Water is part of the environment around us, it is part of our bodies, but we quickly overlook it, it flows past us. Many pollutants also flow past us, but we often overlook them too, even though they surround us. These are industry, business, agriculture, as polluters of the source of drinking water. There are also our irrational water practices. The supply of drinking water is limited, and we need to change our behaviour and make sure that, if we do not leave the world behind us for a change for the better than we have received it, we at least start to work concretely in that direction.
Our research aimed to find out whether using an activity day as an active and experiential form of teaching can have a positive impact on the knowledge, environmental attitudes and environmental behaviours of fifth-grade pupils about the water cycle in nature. The study was carried out on a sample of 48 fifth grade pupils in a Slovenian primary school.
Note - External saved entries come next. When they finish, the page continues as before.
lemma row_space_permuted:
  assumes G: "G \<in> carrier_mat k n" and H: "H \<in> carrier_mat k n"
    and perm_rows: "\<pi> permutes {..<k}" and perm_cols: "\<tau> permutes {..<n}"
    and entries: "\<And>i x. i < k \<Longrightarrow> x < n \<Longrightarrow> H $$ (i, x) = G $$ (\<pi> i, \<tau> x)"
  shows "row_space H = permute_coords n \<tau> ` row_space G"
proof -
  have combination: "vec n (\<lambda>j. \<Sum>i<k. b (\<pi> i) * H $$ (i, j))
      = permute_coords n \<tau> (vec n (\<lambda>j. \<Sum>i<k. b i * G $$ (i, j)))" for b
  proof -
    have "(\<Sum>i<k. b (\<pi> i) * H $$ (i, x)) = (\<Sum>i<k. b i * G $$ (i, \<tau> x))" if "x < n" for x
    proof -
      have "(\<Sum>i<k. b (\<pi> i) * H $$ (i, x)) = (\<Sum>i<k. b (\<pi> i) * G $$ (\<pi> i, \<tau> x))"
        using entries that by simp
      also have "\<dots> = (\<Sum>i<k. b i * G $$ (i, \<tau> x))"
        using sum.reindex_bij_betw[OF permutes_imp_bij[OF perm_rows]] by simp
      finally show ?thesis .
    qed
    then show ?thesis unfolding permute_coords_vec[OF perm_cols] by (intro eq_vecI) auto
  qed
  have "\<exists>b. vec n (\<lambda>j. \<Sum>i<k. a i * H $$ (i, j))
      = vec n (\<lambda>j. \<Sum>i<k. b (\<pi> i) * H $$ (i, j))" for a
    by (intro exI[of _ "a \<circ> inv_into UNIV \<pi>"]) (simp add: permutes_inverses(2)[OF perm_rows])
  then have "row_space H = {vec n (\<lambda>j. \<Sum>i<k. b (\<pi> i) * H $$ (i, j)) | b. True}"
    unfolding row_space_def carrier_matD[OF H]
  proof (intro equalityI subsetI)
    fix v assume "v \<in> {vec n (\<lambda>j. \<Sum>i<k. b (\<pi> i) * H $$ (i, j)) | b. True}"
    then obtain b where "v = vec n (\<lambda>j. \<Sum>i<k. b (\<pi> i) * H $$ (i, j))" by auto
    then show "v \<in> {vec n (\<lambda>j. \<Sum>i<k. a i * H $$ (i, j)) | a. True}"
      by (intro CollectI exI[of _ "\<lambda>i. b (\<pi> i)"]) simp
  qed blast
  also have "\<dots> = permute_coords n \<tau> ` row_space G"
    unfolding combination row_space_def using G by auto
  finally show ?thesis .
qed

lemma block_carrier: "block k A j \<in> carrier_mat k k"
  unfolding block_def by simp

lemma block_eq_reindex_cols:
  assumes "dim_row A = k"
  shows "block k A j = reindex_cols A k (\<lambda>c. j * k + c)"
  using assms unfolding block_def reindex_cols_def by auto

lemma block_reindex_cols:
  assumes "dim_row G = k" and "j * k + k \<le> m"
  shows "block k (reindex_cols G m h) j = reindex_cols G k (\<lambda>c. h (j * k + c))"
  using assms unfolding block_def reindex_cols_def by (intro eq_matI) auto
(* For all integers $t,n$: (i) the restriction $\phi_*:X_{t,n}\to Y_t$ is injective; (ii) there are bijections $\alpha:X_{t,n}\to X_{-t,n+6}$ and $\beta:Y_t\to Y_{-t}$ such that $\phi_*\circ\alpha=\beta\circ\phi_*$ on $X_{t,n}$; (iii) there is a bijection $\gamma:X_{t,n}\to X_{t,n+12}$ such that $\phi_*\circ\gamma=\phi_*$ on $X_{t,n}$; (iv) the restriction $\phi_*:\coprod_{j=0}^{11}X_{t,n+j}\to Y_t$ is a bijection.
   Context: $B_3=\langle\sigma_1,\sigma_2:\sigma_1\sigma_2\sigma_1=\sigma_2\sigma_1\sigma_2\rangle$. The homomorphism $\phi:B_3\to\mathrm{SL}_2(\mathbb{Z})$ is defined by $\phi(\sigma_1)=\begin{bmatrix}1&1\\0&1\end{bmatrix}$, $\phi(\sigma_2)=\begin{bmatrix}1&0\\-1&1\end{bmatrix}$; it is surjective and induces a map $\phi_*$ from the set of conjugacy classes of $B_3$ to the set of conjugacy classes of $\mathrm{SL}_2(\mathbb{Z})$. Let $\epsilon:B_3\to\mathbb{Z}$ be the exponent sum homomorphism ($\epsilon(\sigma_1)=\epsilon(\sigma_2)=1$), and define the trace of $g\in B_3$ as $\mathrm{tr}(\phi(g))$; both are class functions. $X_{t,n}$ is the set of conjugacy classes in $B_3$ of trace $t$ and exponent sum $n$, and $Y_t$ is the set of conjugacy classes in $\mathrm{SL}_2(\mathbb{Z})$ of trace $t$. *)

theory Defs
  imports Main
begin

datatype gen = Sig1 | Sig2

text \<open>A letter is a generator with a sign: (g, True) is g, (g, False) is g inverse.\<close>
type_synonym letter = "gen \<times> bool"
type_synonym word = "letter list"

definition inv_letter :: "letter \<Rightarrow> letter" where
  "inv_letter x = (fst x, \<not> snd x)"

definition inv_word :: "word \<Rightarrow> word" where
  "inv_word w = rev (map inv_letter w)"

text \<open>Equality in B_3 = free group on sigma1, sigma2 modulo the braid relation:
  the smallest equivalence relation on words closed under inserting/removing
  x x^-1 and under replacing sigma1 sigma2 sigma1 by sigma2 sigma1 sigma2 inside a word.\<close>
inductive braid_eq :: "word \<Rightarrow> word \<Rightarrow> bool" where
  refl: "braid_eq u u"
| sym: "braid_eq u v \<Longrightarrow> braid_eq v u"
| trans: "braid_eq u v \<Longrightarrow> braid_eq v w \<Longrightarrow> braid_eq u w"
| cancel: "braid_eq (u @ [x, inv_letter x] @ v) (u @ v)"
| braid: "braid_eq (u @ [(Sig1, True), (Sig2, True), (Sig1, True)] @ v)
                   (u @ [(Sig2, True), (Sig1, True), (Sig2, True)] @ v)"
A knowledge test and a questionnaire on attitudes and behaviour towards the environment were used as part of a causal-experimental design, with measures of attitudes and behaviour towards the environment taken at three time points (before, immediately after and three months after the intervention), and the knowledge test at two time points (before and immediately after the intervention).
The results showed a statistically significant improvement in pupils' knowledge after the activity day. Most environmental attitudes, especially those reflecting a biocentric understanding of nature, also partially improved. Positive changes were also evident in the self-assessment of environmental attitudes, with pupils most frequently reporting greater consistency in simple daily actions such as turning off lights and recycling, but no statistically significant differences. It would probably be useful to extend the survey over a longer period of time.
The findings therefore confirm that the activity day is an effective way of teaching science and environmental topics, and that it is important for its long-term impact that such methods are integrated into regular teaching practice and, above all, that they are supported by parents and relatives in the home and by everyone else in the wider social environment.